I had submitted my WES application for my engineering course. As requested them to courier me 2 copies, 1 of which I submitted to WES.

Yesterday i got the message from WES :

"Statement of Marks, Bachelor of Engineering, 2010

Not Accepted.

Reason: The document received was not attested by the appropriate official at your academic institution (e.g. Controller of Examination or Registrar's Offices). Attestations by individual professors, deans, or external notary publics are not accepted.

Instructions: Please resubmit the academic document according to the document requirements stated for University Education in India."



Now when I open the other copy of transcript,
1. Envelope was properly sealed and stamped and signed.
2. transcripts ( 4pages ) were signed by registrar and stamped by college
3. Marksheets were stamped and signed by registrar and stamped by college.

I dont understand the reason for rejecting the same. Please suggest what can I do.

I have put my query to them, but the query box was very small and It was difficult to explain exactly what was the issue.


----------



## Auld Yin (Mar 10, 2009)

You simply must follow the requirements of the WES to the letter.


----------



## rrsingh (Dec 18, 2016)

Auld Yin said:


> You simply must follow the requirements of the WES to the letter.

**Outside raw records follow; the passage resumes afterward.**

definition kr_decomposition :: "nat \<Rightarrow> real \<Rightarrow> 'a metric \<Rightarrow> 'a mfamily \<Rightarrow> bool" where
  "kr_decomposition k r X Y \<longleftrightarrow>
     (\<exists>U :: nat \<Rightarrow> 'a set set.
        mspace X = (\<Union>i<k. \<Union>(U i)) \<and>
        (\<forall>i<k. (\<forall>A\<in>U i. \<forall>B\<in>U i. A \<noteq> B \<longrightarrow> r_disjoint X r A B) \<and>
               (\<forall>A\<in>U i. A \<subseteq> mspace X \<and> submetric X A \<in> Y)))"

definition kr_decomposable :: "nat \<Rightarrow> real \<Rightarrow> 'a mfamily \<Rightarrow> 'a mfamily \<Rightarrow> bool" where
  "kr_decomposable k r XX Y \<longleftrightarrow> (\<forall>X\<in>XX. kr_decomposition k r X Y)"

abbreviation r_decomposable :: "real \<Rightarrow> 'a mfamily \<Rightarrow> 'a mfamily \<Rightarrow> bool" where
  "r_decomposable r XX Y \<equiv> kr_decomposable 2 r XX Y"

definition k_decomposable_over :: "nat \<Rightarrow> 'a mfamily \<Rightarrow> 'a mfamily set \<Rightarrow> bool" where
  "k_decomposable_over k XX UU \<longleftrightarrow> (\<forall>r>0. \<exists>Y\<in>UU. kr_decomposable k r XX Y)"

definition weakly_decomposable_over :: "'a mfamily \<Rightarrow> 'a mfamily set \<Rightarrow> bool" where
  "weakly_decomposable_over XX UU \<longleftrightarrow> (\<exists>k::nat. k_decomposable_over k XX UU)"

definition stable_weak_decomp :: "'a mfamily set \<Rightarrow> bool" where
  "stable_weak_decomp UU \<longleftrightarrow> (\<forall>XX. weakly_decomposable_over XX UU \<longrightarrow> XX \<in> UU)"

definition wFDC :: "'a mfamily set" where
  "wFDC = \<Inter>{UU. (\<forall>Z. uniformly_bounded Z \<longrightarrow> Z \<in> UU) \<and> stable_weak_decomp UU}"

text \<open>Straight FDC; the sequence R_1 < R_2 < ... is R 0 < R 1 < ... (shifted by one).\<close>
definition sFDC :: "'a mfamily \<Rightarrow> bool" where
  "sFDC XX \<longleftrightarrow>
     (\<forall>R :: nat \<Rightarrow> real. strict_mono R \<and> (\<forall>i. R i > 0) \<longrightarrow>
        (\<exists>(n::nat) (F :: nat \<Rightarrow> 'a mfamily). F 0 = XX \<and>
           (\<forall>i<n. r_decomposable (R i) (F i) (F (Suc i))) \<and> uniformly_bounded (F n)))"

definition sD :: "'a mfamily set" where
  "sD = {XX. sFDC XX}"

end

theory Submission
  imports Defs
begin

text \<open>A \<open>(k + 1, r)\<close>-decomposition can be peeled one colour class at a time: keeping the
  first class and merging the remaining ones into a single piece gives an \<open>r\<close>-decomposition
  whose merged pieces carry \<open>(k, r)\<close>-decompositions. So a family that is \<open>(k + 1, r)\<close>-decomposable
  over \<open>Y\<close> reaches \<open>Y\<close> after \<open>k + 1\<close> successive \<open>r\<close>-decompositions. Given \<open>R 0 < R 1 < \<dots>\<close>
  and \<open>k\<close>-decomposability over \<open>sD\<close>, take \<open>r = R k\<close>: these steps are then \<open>R i\<close>-decompositions
  for \<open>i \<le> k\<close>, and the straight decomposition chain of \<open>Y \<in> sD\<close> for the shifted sequence
  \<open>R (k + 1), R (k + 2), \<dots>\<close> finishes the job.\<close>

lemma kr_decompositionI:
  assumes "mspace X = (\<Union>i<k. \<Union>(U i))"
    and "\<And>i A B. i < k \<Longrightarrow> A \<in> U i \<Longrightarrow> B \<in> U i \<Longrightarrow> A \<noteq> B \<Longrightarrow> r_disjoint X r A B"
    and "\<And>i A. i < k \<Longrightarrow> A \<in> U i \<Longrightarrow> A \<subseteq> mspace X"
    and "\<And>i A. i < k \<Longrightarrow> A \<in> U i \<Longrightarrow> submetric X A \<in> Y"
  shows "kr_decomposition k r X Y"
  unfolding kr_decomposition_def using assms by (intro exI[of _ U]) auto

lemma kr_decompositionE:
  assumes "kr_decomposition k r X Y"
  obtains U where "mspace X = (\<Union>i<k. \<Union>(U i))"
    and "\<And>i A B. i < k \<Longrightarrow> A \<in> U i \<Longrightarrow> B \<in> U i \<Longrightarrow> A \<noteq> B \<Longrightarrow> r_disjoint X r A B"
    and "\<And>i A. i < k \<Longrightarrow> A \<in> U i \<Longrightarrow> A \<subseteq> mspace X"
    and "\<And>i A. i < k \<Longrightarrow> A \<in> U i \<Longrightarrow> submetric X A \<in> Y"
  using assms unfolding kr_decomposition_def by metis

lemma r_disjoint_mono:
  assumes "r_disjoint X r A B" "r' \<le> r"
  shows "r_disjoint X r' A B"
  using assms unfolding r_disjoint_def by auto

lemma kr_decomposition_mono:
  assumes "kr_decomposition k r X Y" "k \<le> k'" "r' \<le> r" "Y \<subseteq> Y'"
  shows "kr_decomposition k' r' X Y'"
proof -
  obtain U where U: "mspace X = (\<Union>i<k. \<Union>(U i))"
    "\<And>i A B. i < k \<Longrightarrow> A \<in> U i \<Longrightarrow> B \<in> U i \<Longrightarrow> A \<noteq> B \<Longrightarrow> r_disjoint X r A B"
    "\<And>i A. i < k \<Longrightarrow> A \<in> U i \<Longrightarrow> A \<subseteq> mspace X"
    "\<And>i A. i < k \<Longrightarrow> A \<in> U i \<Longrightarrow> submetric X A \<in> Y"
    using assms(1) by (rule kr_decompositionE) blast
  let ?U = "\<lambda>i. if i < k then U i else {}"
  show ?thesis
  proof (rule kr_decompositionI[where U = ?U])
    show "mspace X = (\<Union>i<k'. \<Union>(?U i))"
      using U(1) assms(2) by (auto intro!: bexI split: if_splits)
  next
    fix i A B assume "i < k'" "A \<in> ?U i" "B \<in> ?U i" "A \<noteq> B"
    then have "i < k" "A \<in> U i" "B \<in> U i"
      by (auto split: if_splits)
    then show "r_disjoint X r' A B"
      using U(2) \<open>A \<noteq> B\<close> assms(3) by (blast intro: r_disjoint_mono)
  next
    fix i A assume "i < k'" "A \<in> ?U i"
    then have "i < k" "A \<in> U i"
      by (auto split: if_splits)
    then show "A \<subseteq> mspace X" "submetric X A \<in> Y'"
      using U(3,4) assms(4) by blast+
  qed
qed

lemma kr_decomposition_member:
  assumes "X \<in> Y" "0 < k"
  shows "kr_decomposition k r X Y"
proof (rule kr_decompositionI[where U = "\<lambda>i. if i = 0 then {mspace X} else {}"])
  show "mspace X = (\<Union>i<k. \<Union>(if i = 0 then {mspace X} else {}))"
    using assms(2) by (auto split: if_splits)
qed (use assms(1) in \<open>auto split: if_splits\<close>)

lemma kr_decomposition_zero: "kr_decomposition 0 r X Y \<Longrightarrow> mspace X = {}"
  unfolding kr_decomposition_def by auto

lemma r_disjoint_submetric [simp]: "r_disjoint (submetric Z W) r A B \<longleftrightarrow> r_disjoint Z r A B"
  by (simp add: r_disjoint_def)

lemma kr_decomposition_submetric_Union:
  assumes "\<And>i A B. i < k \<Longrightarrow> A \<in> U i \<Longrightarrow> B \<in> U i \<Longrightarrow> A \<noteq> B \<Longrightarrow> r_disjoint Z r A B"
    and "\<And>i A. i < k \<Longrightarrow> A \<in> U i \<Longrightarrow> A \<subseteq> mspace Z"
    and "\<And>i A. i < k \<Longrightarrow> A \<in> U i \<Longrightarrow> submetric Z A \<in> Y"
  shows "kr_decomposition k r (submetric Z (\<Union>i<k. \<Union>(U i))) Y"
proof (rule kr_decompositionI[where U = U])
  let ?W = "\<Union>i<k. \<Union>(U i)"
  have "?W \<subseteq> mspace Z"
    using assms(2) by (intro UN_least Union_least) auto
  then show "mspace (submetric Z ?W) = ?W"
    by auto
  fix i A assume "i < k" "A \<in> U i"
  then have "A \<subseteq> ?W" by auto
  then show "A \<subseteq> mspace (submetric Z ?W)" "submetric (submetric Z ?W) A \<in> Y"
    using assms(2,3)[OF \<open>i < k\<close> \<open>A \<in> U i\<close>] by (simp_all add: Int_absorb1)
qed (simp add: assms(1))

text \<open>Empty spaces are excluded so that the layer for \<open>k = 0\<close> is empty: they are exactly
  the spaces admitting a \<open>(0, r)\<close>-decomposition.\<close>
definition decomposable_spaces :: "nat \<Rightarrow> real \<Rightarrow> 'a mfamily \<Rightarrow> 'a mfamily" where
  "decomposable_spaces k r Y = {V. kr_decomposition k r V Y \<and> mspace V \<noteq> {}}"

lemma decomposable_spaces_0 [simp]: "decomposable_spaces 0 r Y = {}"
  unfolding decomposable_spaces_def using kr_decomposition_zero by blast

lemma kr_decomposition_Suc_split:
  assumes "kr_decomposition (Suc m) r Z Y"
  shows "kr_decomposition 2 r Z (Y \<union> decomposable_spaces m r Y)"
proof -
  obtain U where U: "mspace Z = (\<Union>i<Suc m. \<Union>(U i))"
    "\<And>i A B. i < Suc m \<Longrightarrow> A \<in> U i \<Longrightarrow> B \<in> U i \<Longrightarrow> A \<noteq> B \<Longrightarrow> r_disjoint Z r A B"
    "\<And>i A. i < Suc m \<Longrightarrow> A \<in> U i \<Longrightarrow> A \<subseteq> mspace Z"
    "\<And>i A. i < Suc m \<Longrightarrow> A \<in> U i \<Longrightarrow> submetric Z A \<in> Y"
    using assms by (rule kr_decompositionE) blast
  define W where "W = (\<Union>i<m. \<Union>(U (Suc i)))"
  have Z_split: "mspace Z = \<Union>(U 0) \<union> W"
    unfolding U(1) W_def lessThan_Suc_eq_insert_0 by simp
  have W_decomposition: "kr_decomposition m r (submetric Z W) Y"
    unfolding W_def by (rule kr_decomposition_submetric_Union) (meson Suc_mono U(2-4))+
  let ?U = "\<lambda>i::nat. if i = 0 then U 0 else {W} - {{}}"
  show ?thesis
  proof (rule kr_decompositionI[where U = ?U])
    show "mspace Z = (\<Union>i<2. \<Union>(?U i))"
      unfolding Z_split by (auto simp: numeral_2_eq_2 lessThan_Suc)
  next
    fix i A B assume "i < 2" "A \<in> ?U i" "B \<in> ?U i" "A \<noteq> B"
    then show "r_disjoint Z r A B"
      using U(2)[of 0] by (auto split: if_splits)
  next
    fix i A assume "i < 2" "A \<in> ?U i"
    then consider "A \<in> U 0" | "A = W" "W \<noteq> {}"
      by (auto split: if_splits)
    then have "A \<subseteq> mspace Z \<and> submetric Z A \<in> Y \<union> decomposable_spaces m r Y"
    proof cases
      case 1
      then show ?thesis
        using U(3,4)[of 0] by simp
    next
      case 2
      moreover have "W \<subseteq> mspace Z"
        using Z_split by blast
      ultimately show ?thesis
        using W_decomposition by (simp add: decomposable_spaces_def Int_absorb2)
    qed
    then show "A \<subseteq> mspace Z" "submetric Z A \<in> Y \<union> decomposable_spaces m r Y"
      by simp_all
  qed
qed

lemma kr_decomposable_mono:
  assumes "kr_decomposable k r XX Y" "k \<le> k'" "r' \<le> r" "Y \<subseteq> Y'"
  shows "kr_decomposable k' r' XX Y'"
  unfolding kr_decomposable_def
proof
  fix X assume "X \<in> XX"
  with assms(1) have "kr_decomposition k r X Y"
    unfolding kr_decomposable_def by blast
  then show "kr_decomposition k' r' X Y'"
    using assms(2-4) by (rule kr_decomposition_mono)
qed

lemma kr_decomposable_Suc_split:
  "kr_decomposable (Suc m) r XX Y \<Longrightarrow> r_decomposable r XX (Y \<union> decomposable_spaces m r Y)"
  unfolding kr_decomposable_def by (simp add: kr_decomposition_Suc_split)

lemma kr_decomposable_decomposable_spaces:
  "kr_decomposable (Suc m) r (Y \<union> decomposable_spaces (Suc m) r Y) Y"
  unfolding kr_decomposable_def decomposable_spaces_def
  by (auto intro: kr_decomposition_member)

I did, my envelope was attested, my transcript was attested and so were my marksheets.

I dont know what was missing. Even if I approach my college, they will issue the transcript in the same format and thus no point of sending it again to WES without knowing exactly what was missing


----------



## Himkircanada (May 27, 2018)

Hi Everyone,

I am having a small question in regards to degree assessment check. I did my Bachelor from Sikkim Manipal University which is not assessed by WES. But I do have a master degree from a top class (A grade) university in Australia and equal to Canadian education standard as checked through the degree assessment tool. 

For the assessment, I have submitted only the master degree as per WES requirement. Could you please suggest if there is any chance to obtain a successful assessment?


----------